THE STORY OF THE COLLECTIVE

OUR ORIGIN

It’s been quite some time since Mom brought home an old stack of Marvel Tales from a woman she worked with. The 25 cent reprints that collected the early issues of Spider-Man and various other Strange Tales. That was my introduction to superheroes, more telling, Marvel superheroes. Until that time my prized collection was an incomplete collection of the Planet of the Apes magazines, rolled spines, tattered covers and read cover to cover multiple times.

When that little space movie hit the theaters in the summer of ’77, it filled a void as much as the trials of Peter Parker and Dungeons and Dragons a few years later. We were Stranger Things. But the biggest dimension door into this real world was, when out with friends on Bradenton Beach, I bought Uncanny X-Men #111 off the stands back when you could find comics in nearly every convenience store. The Byrne-Clermont days were in the opening act and they would produce what would drive Marvel comics for decades to come. My friends and I would wait out the long months for when the next chapter would hit the stands.

ORLANDO CON

As a teenager, my brothers and I would descend on the annual Orlando Con run by Jim Ivey in search for the missing pieces of our comic runs.
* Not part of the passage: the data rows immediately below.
lemma E2_carrier_mat: "2 \<le> ns \<Longrightarrow> E2 nr ns \<in> carrier_mat (nbar2 nr ns) ((ns - 1) * nr)"
  by (simp add: E2_def hstack_def nr_add_nbar2)

lemma E01_index_col:
  assumes "a < nbar1 nr ns" "i < nr" "Suc j < ns"
  shows "E01 nr ns $$ (a, j * nr + i) =
    (if j = 0 then of_bool (a = 0) * (Ebar2 nr 2 (Suc i) - 1/3) + of_bool (a = 1) * (Ebar2 nr 3 (Suc i) - 1/3)
     else of_bool (a = 2 + i + 2 * (j - 1) * nr))"
proof -
  have "j * nr + i < (ns - 1) * nr" using assms(2,3) by (intro mult_add_less_mult) auto
  then have entry: "E01 nr ns $$ (a, j * nr + i) = E01_entry nr ns (Suc a) (Suc (j * nr + i))"
    using assms(1) by (simp add: E01_def mult.commute)
  have digits: "(\<exists>j'\<in>{2..ns - 1}. \<exists>i'\<in>{1..nr}. P j' i' \<and> Suc (j * nr + i) = i' + (j' - 1) * nr)
      \<longleftrightarrow> Suc j \<in> {2..ns - 1} \<and> P (Suc j) (Suc i)" for P
    using assms(2) by (intro bex_mixed_radix_iff) auto
  show ?thesis
  proof (cases "j = 0")
    case True
    then show ?thesis
      unfolding entry E01_entry_def digits using assms(2)
      by (simp add: Ebar1_def numeral_eq_Suc)
  next
    case False
    then show ?thesis
      unfolding entry E01_entry_def digits using assms(2,3)
      by (simp add: Suc_mult_add_le_iff right_diff_distrib')
  qed
qed

lemma E10_index_col:
  assumes "a < nbar1 nr ns" "i < nr" "j < ns"
  shows "E10 nr ns $$ (a, j * nr + i) =
    (if j = 1 then of_bool (a = 0) * EbarD nr 2 (Suc i) + of_bool (a = 1) * EbarD nr 3 (Suc i)
     else if 2 \<le> j then of_bool (a = 2 + i + (2 * j - 3) * nr) else 0)"
proof -
  have "j * nr + i < ns * nr" using assms(2,3) by (intro mult_add_less_mult)
  then have entry: "E10 nr ns $$ (a, j * nr + i) = E10_entry nr ns (Suc a) (Suc (j * nr + i))"
    using assms(1) by (simp add: E10_def mult.commute)
  have window: "nr < Suc (j * nr + i) \<and> Suc (j * nr + i) \<le> 2 * nr \<longleftrightarrow> j = 1"
    using assms(2) Suc_mult_add_le_iff[OF assms(2), of "j - 1"] by (cases j) auto
  have digits: "(\<exists>j'\<in>{3..ns}. \<exists>i'\<in>{1..nr}. P j' i' \<and> Suc (j * nr + i) = i' + (j' - 1) * nr)
      \<longleftrightarrow> Suc j \<in> {3..ns} \<and> P (Suc j) (Suc i)" for P
    using assms(2) by (intro bex_mixed_radix_iff) auto
  show ?thesis
    unfolding entry E10_entry_def digits window using assms(2,3)
    by (auto simp: numeral_eq_Suc)
qed

lemma E01_transpose_mult_vec:
  assumes "z \<in> carrier_vec (nbar1 nr ns)" "i < nr" "Suc j < ns"
  shows "(transpose_mat (E01 nr ns) *\<^sub>v z) $ (j * nr + i) =
    (if j = 0 then (Ebar2 nr 2 (Suc i) - 1/3) * z $ 0 + (Ebar2 nr 3 (Suc i) - 1/3) * z $ 1
     else z $ (2 + i + 2 * (j - 1) * nr))" (is "_ = ?rhs")
proof -
  have "j * nr + i < (ns - 1) * nr" using assms(2,3) by (intro mult_add_less_mult) auto
  then have "(transpose_mat (E01 nr ns) *\<^sub>v z) $ (j * nr + i)
      = (\<Sum>a<nbar1 nr ns. E01 nr ns $$ (a, j * nr + i) * z $ a)"
    using assms(1) by (simp add: mult_mat_vec_index_sum E01_def mult.commute del: index_mult_mat_vec)
  also have "\<dots> = (\<Sum>a<nbar1 nr ns. (if j = 0 then of_bool (a = 0) * (Ebar2 nr 2 (Suc i) - 1/3)
      + of_bool (a = 1) * (Ebar2 nr 3 (Suc i) - 1/3) else of_bool (a = 2 + i + 2 * (j - 1) * nr)) * z $ a)"
    using assms(2,3) by (intro sum.cong refl) (simp add: E01_index_col)
  also have "\<dots> = ?rhs"
  proof (cases "j = 0")
    case True
    have "Suc 0 < nbar1 nr ns" by (simp add: nbar1_def)
    with True show ?thesis by (simp add: distrib_right sum.distrib mult.assoc)
  next
    case False
    have "2 + i + 2 * (j - 1) * nr < nbar1 nr ns"
      using assms(2,3) False by (intro nbar1_offset_less) auto
    with False show ?thesis by simp
  qed
  finally show ?thesis .
qed

lemma E10_transpose_mult_vec:
  assumes "z \<in> carrier_vec (nbar1 nr ns)" "i < nr" "j < ns"
  shows "(transpose_mat (E10 nr ns) *\<^sub>v z) $ (j * nr + i) =
    (if j = 1 then EbarD nr 2 (Suc i) * z $ 0 + EbarD nr 3 (Suc i) * z $ 1
     else if 2 \<le> j then z $ (2 + i + (2 * j - 3) * nr) else 0)" (is "_ = ?rhs")
proof -
  have "j * nr + i < ns * nr" using assms(2,3) by (intro mult_add_less_mult)
  then have "(transpose_mat (E10 nr ns) *\<^sub>v z) $ (j * nr + i)
      = (\<Sum>a<nbar1 nr ns. E10 nr ns $$ (a, j * nr + i) * z $ a)"
    using assms(1) by (simp add: mult_mat_vec_index_sum E10_def mult.commute del: index_mult_mat_vec)
  also have "\<dots> = (\<Sum>a<nbar1 nr ns. (if j = 1 then of_bool (a = 0) * EbarD nr 2 (Suc i)
      + of_bool (a = 1) * EbarD nr 3 (Suc i) else if 2 \<le> j then of_bool (a = 2 + i + (2 * j - 3) * nr)
      else 0) * z $ a)"
    using assms(2,3) by (intro sum.cong refl) (simp add: E10_index_col)
  also have "\<dots> = ?rhs"
  proof -
    have "Suc 0 < nbar1 nr ns" by (simp add: nbar1_def)
    moreover have "2 + i + (2 * j - 3) * nr < nbar1 nr ns" if "2 \<le> j"
      using assms(2,3) that by (intro nbar1_offset_less) auto
    ultimately show ?thesis by (simp add: distrib_right sum.distrib mult.assoc)
  qed
  finally show ?thesis .
qed

lemma E2_transpose_mult_vec:
  assumes "z \<in> carrier_vec (nbar2 nr ns)" "c < nr + nbar2 nr ns"
  shows "(transpose_mat (E2 nr ns) *\<^sub>v z) $ c = (if c < nr then 0 else z $ (c - nr))"
proof -
  have "(transpose_mat (E2 nr ns) *\<^sub>v z) $ c = (\<Sum>a<nbar2 nr ns. E2 nr ns $$ (a, c) * z $ a)"
    using assms by (simp add: mult_mat_vec_index_sum E2_def hstack_def del: index_mult_mat_vec)
  also have "\<dots> = (\<Sum>a<nbar2 nr ns. (if c < nr then 0 else of_bool (a = c - nr)) * z $ a)"
    using assms(2) by (intro sum.cong refl) (auto simp: E2_def hstack_def)
  finally show ?thesis using assms(2) by simp
qed

definition nbar12 :: "nat \<Rightarrow> nat \<Rightarrow> nat" where
  "nbar12 nr ns = nbar2 nr ns + nbar1 nr ns"

lemma E011_transpose_mult_vec:
  assumes "h \<in> carrier_vec (nt * nbar12 nr ns)" "k < nt" "i < nr" "Suc j < ns"
  shows "(transpose_mat (E011 nr ns nt) *\<^sub>v h) $ (k * ((ns - 1) * nr) + (j * nr + i)) =
    (if j = 0 then (Ebar2 nr 2 (Suc i) - 1/3) * h $ (k * nbar12 nr ns + nbar2 nr ns)
       + (Ebar2 nr 3 (Suc i) - 1/3) * h $ (k * nbar12 nr ns + Suc (nbar2 nr ns))
     else h $ (k * nbar12 nr ns + (nbar2 nr ns + (2 + i + 2 * (j - 1) * nr))))"
proof -
  have c: "j * nr + i < (ns - 1) * nr" using assms(3,4) by (intro mult_add_less_mult) auto
  have "Suc 0 < nbar1 nr ns" by (simp add: nbar1_def)
  moreover have "2 + i + 2 * (j - 1) * nr < nbar1 nr ns" if "j \<noteq> 0"
    using assms(3,4) that by (intro nbar1_offset_less) auto
  moreover note transpose_kron_one_vstack_mult_vec[OF zero_carrier_mat E01_carrier_mat
      assms(1)[unfolded nbar12_def] assms(2) c]
  ultimately show ?thesis
    using assms(3,4) c by (simp add: E011_def nbar12_def E01_transpose_mult_vec mult.commute)
qed

lemma E101_transpose_mult_vec:
  assumes "h \<in> carrier_vec (nt * nbar12 nr ns)" "k < nt" "i < nr" "j < ns"
  shows "(transpose_mat (E101 nr ns nt) *\<^sub>v h) $ (k * (ns * nr) + (j * nr + i)) =
    - (if j = 1 then EbarD nr 2 (Suc i) * h $ (k * nbar12 nr ns + nbar2 nr ns)
         + EbarD nr 3 (Suc i) * h $ (k * nbar12 nr ns + Suc (nbar2 nr ns))
       else if 2 \<le> j then h $ (k * nbar12 nr ns + (nbar2 nr ns + (2 + i + (2 * j - 3) * nr))) else 0)"
proof -
  have c: "j * nr + i < ns * nr" using assms(3,4) by (intro mult_add_less_mult)
  have "Suc 0 < nbar1 nr ns" by (simp add: nbar1_def)
  moreover have "2 + i + (2 * j - 3) * nr < nbar1 nr ns" if "2 \<le> j"
    using assms(3,4) that by (intro nbar1_offset_less) auto
  moreover note transpose_kron_one_vstack_mult_vec[OF zero_carrier_mat uminus_carrier_mat[OF E10_carrier_mat]
      assms(1)[unfolded nbar12_def] assms(2) c]
  ultimately show ?thesis
    using assms(3,4) c carrier_matD[OF E10_carrier_mat]
    by (simp add: E101_def nbar12_def E10_transpose_mult_vec transpose_uminus mult.commute
        zero_mult_mat_vec_index del: index_mult_mat_vec)
qed

lemma E110_transpose_mult_vec:
  assumes "h \<in> carrier_vec (nt * nbar12 nr ns)" "k < nt" "i < nr" "Suc j < ns"
  shows "(transpose_mat (E110 nr ns nt) *\<^sub>v h) $ (k * ((ns - 1) * nr) + (j * nr + i)) =
    (if j = 0 then 0 else h $ (k * nbar12 nr ns + ((j - 1) * nr + i)))"
proof -
  have c: "j * nr + i < (ns - 1) * nr" using assms(3,4) by (intro mult_add_less_mult) auto
  have "j * nr + i < nr \<longleftrightarrow> j = 0" and "j \<noteq> 0 \<Longrightarrow> j * nr + i - nr = (j - 1) * nr + i"
    using assms(3) by (cases j; simp)+
  moreover have "(j - 1) * nr + i < nbar2 nr ns" if "j \<noteq> 0"
    using mult_add_less_mult[of "j - 1" "ns - 2" i nr] assms(3,4) that by (simp add: nbar2_def mult.commute)
  moreover note transpose_kron_one_vstack_mult_vec[OF E2_carrier_mat zero_carrier_mat
      assms(1)[unfolded nbar12_def] assms(2) c]
  ultimately show ?thesis
    using assms(3,4) nr_add_nbar2[of ns nr] c
    by (simp add: E110_def nbar12_def E2_transpose_mult_vec mult.commute)
qed

lemma E111_transpose_mult_vec:
  assumes "v \<in> carrier_vec (nt * nbar2 nr ns)" "k < nt" "i < nr" "Suc j < ns"
  shows "(transpose_mat (E111 nr ns nt) *\<^sub>v v) $ (k * ((ns - 1) * nr) + (j * nr + i)) =
    (if j = 0 then 0 else v $ (k * nbar2 nr ns + ((j - 1) * nr + i)))"
proof -
  have c: "j * nr + i < (ns - 1) * nr" using assms(3,4) by (intro mult_add_less_mult) auto
  have "j * nr + i < nr \<longleftrightarrow> j = 0" and "j \<noteq> 0 \<Longrightarrow> j * nr + i - nr = (j - 1) * nr + i"
    using assms(3) by (cases j; simp)+
  moreover have "(j - 1) * nr + i < nbar2 nr ns" if "j \<noteq> 0"
    using mult_add_less_mult[of "j - 1" "ns - 2" i nr] assms(3,4) that by (simp add: nbar2_def mult.commute)
  moreover note transpose_kron_one_mult_vec[OF E2_carrier_mat assms(1,2) c]
  ultimately show ?thesis
    using assms(3,4) nr_add_nbar2[of ns nr] c
    by (simp add: E111_def E2_transpose_mult_vec)
qed

text \<open>
  Row (k, j, i) of D^(2), with 0-based j and k, in terms of two blocks of h of length
  nbar_2 + nbar_1: x is block k and x' the cyclically next block.
\<close>

definition D2_stencil :: "nat \<Rightarrow> nat \<Rightarrow> (nat \<Rightarrow> real) \<Rightarrow> (nat \<Rightarrow> real) \<Rightarrow> nat \<Rightarrow> nat \<Rightarrow> real" where
  "D2_stencil nr ns x x' j i =
     (if j = 0 then
        x (nbar2 nr ns + (2 + Suc i mod nr)) - x (nbar2 nr ns + (2 + i)) - x (nbar2 nr ns + (2 + i + nr))
        + (EbarD nr 2 (Suc i) * x (nbar2 nr ns) + EbarD nr 3 (Suc i) * x (Suc (nbar2 nr ns)))
      else
        x (nbar2 nr ns + (2 + Suc i mod nr + 2 * j * nr)) - x (nbar2 nr ns + (2 + i + 2 * j * nr))
        - x (nbar2 nr ns + (2 + i + (2 * j + 1) * nr)) + x (nbar2 nr ns + (2 + i + (2 * j - 1) * nr)))
     + x' (j * nr + i) - x (j * nr + i)"

lemma D2_stencil_cong:
  assumes "i < nr" "Suc (Suc j) < ns"
    and "\<And>e. e < nbar12 nr ns \<Longrightarrow> x e = y e" "\<And>e. e < nbar12 nr ns \<Longrightarrow> x' e = y' e"
  shows "D2_stencil nr ns x x' j i = D2_stencil nr ns y y' j i"
proof -
  have offset: "nbar2 nr ns + (2 + i' + m * nr) < nbar12 nr ns" if "i' < nr" "m \<le> 2 * j + 1" for i' m
    using nbar1_offset_less[of i' nr m ns] that assms(2) by (simp add: nbar12_def)
  have "Suc i mod nr < nr" using assms(1) by simp
  then have "nbar2 nr ns + (2 + Suc i mod nr) < nbar12 nr ns" "nbar2 nr ns + (2 + i) < nbar12 nr ns"
    "nbar2 nr ns + (2 + i + nr) < nbar12 nr ns"
    "nbar2 nr ns + (2 + Suc i mod nr + 2 * j * nr) < nbar12 nr ns"
    "nbar2 nr ns + (2 + i + 2 * j * nr) < nbar12 nr ns"
    "nbar2 nr ns + (2 + i + (2 * j + 1) * nr) < nbar12 nr ns"
    "nbar2 nr ns + (2 + i + (2 * j - 1) * nr) < nbar12 nr ns"
    using offset[of _ 0] offset[of _ 1] offset[of _ "2 * j"] offset[of _ "2 * j + 1"] offset[of _ "2 * j - 1"]
      assms(1) by simp_all
  moreover have "Suc (nbar2 nr ns) < nbar12 nr ns" by (simp add: nbar12_def nbar1_def)
  moreover have "j * nr + i < nbar12 nr ns"
    using mult_add_less_mult[of j "ns - 2" i nr] assms(1,2) by (simp add: nbar12_def nbar2_def mult.commute less_diff_conv)
  ultimately show ?thesis by (simp add: D2_stencil_def assms(3,4))
qed

lemma D2_stencil_sum:
  "(\<Sum>q\<in>Q. D2_stencil nr ns (x q) (x' q) j i * w q)
    = D2_stencil nr ns (\<lambda>e. \<Sum>q\<in>Q. x q e * w q) (\<lambda>e. \<Sum>q\<in>Q. x' q e * w q) j i"
  by (cases "j = 0")
    (simp_all add: D2_stencil_def algebra_simps sum.distrib sum_subtractf sum_distrib_left)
There I would find a full priced X-Men 94 for all of $24, buy it, circle the room, and then return it and pay the additional $24 to get the even nicer copy next to it. As for the older Fantastic Four, Avengers and Spider-Man issues, they were nice, inexpensive and available.

The highly coveted death of Gwen Stacey and the next issue, the death of the Green Goblin, became scarce at $12 each, only to resurface in abundance once the price jumped to $15.

FEBRUARY 1, 1983

A few years later, my brothers and I combined collections, which would be what gave birth to Coliseum of Comics.

It was a one-man adventure for the better part of the first ten years as I would distanced myself to work a “real” job, and pretend to go to school.  However I found myself coming back into the fold in ’93. 

PREDICTIONS

“It’s tough to make predictions, especially about the future.” ~ Yogi Berra

The industry was changing, but it also remained cyclical, all the way up through the rise of Image Comics and the internet. I met one of my idols, John Byrne, at a downtown MegaCon in the mid-nineties and listened as he predicted the fall of the industry by 2000. Many years later I found myself seated in a room with the late Darwin Cook, Terry Moore and Jim Valentino as they predicted how the internet would soon take over the comic world and make comic book stores obsolete. We all watched the fall of the local video and record stores and were told how we would soon follow. We watched as Marvel, DC and Hasbro attempted to push our collectors to their online outlets for their digital books and cards, only to discover they couldn’t replace the tangible collectibles the fan base loved.

We had New Comic Wednesday, and we had a community that wanted to gather and talk comics and roll dice and collect what they liked. And many of us in the industry embraced that.

A DIFFERENT VISION

There were still pitfalls along the way and differences of opinion. Coliseum was primed to be widespread and offer comics in a sensible way to many different parts of Florida, but I shared a different vision. My vision was to build one community of people that liked what they liked, from the comic side to the Magic side, to the D&D side, to the table top and board game side. And to the collectible side.

JUNE 1, 2018

On June 1, 2018 we separated from Coliseum and became The Collective: A Comic and Game Community. The split came from the need to explore different visions, nothing more. There are a thousand different comic and games stores in this industry, no two are alike, but The Collective began and will grow with a focus on community. It’s a long phrase for a sign or slogan, but there is no acceptable synonym, so we’re going to take it.

What we’re about, and will continue to be about, is offering a place for everyone to love what they love among others who share their same passions. 

WE ARE …

We’re a comic book store, carrying new comics each Wednesday and a back-stock to fill holes in collections. And trades for those looking to read great complete stories.

We’re a card game store, featuring different formats of Magic and offering a variety of the newest card games, giving players a place to compete each week or just find a pickup game.

The Collective is a miniature game store. A place where you can create miniature armies to battle other armies in a fantasy setting.

We’re a Role Playing store, where you can give birth to your alter ego and set them loose in an adventuring world of orcs and goblins, and the occasional dragon.

And board games, showing friends and family how to bond at a table over dice rolling and deck building, in both cooperative and competitive strategies.

WE ARE THE COLLECTIVE: A COMIC AND GAME COMMUNITY, AN ALL-INCLUSIVE RESORT FOR YOUR MIND, A PLACE FOR YOUR CREATIVITY AND INSPIRATION TO TAKE HOLD.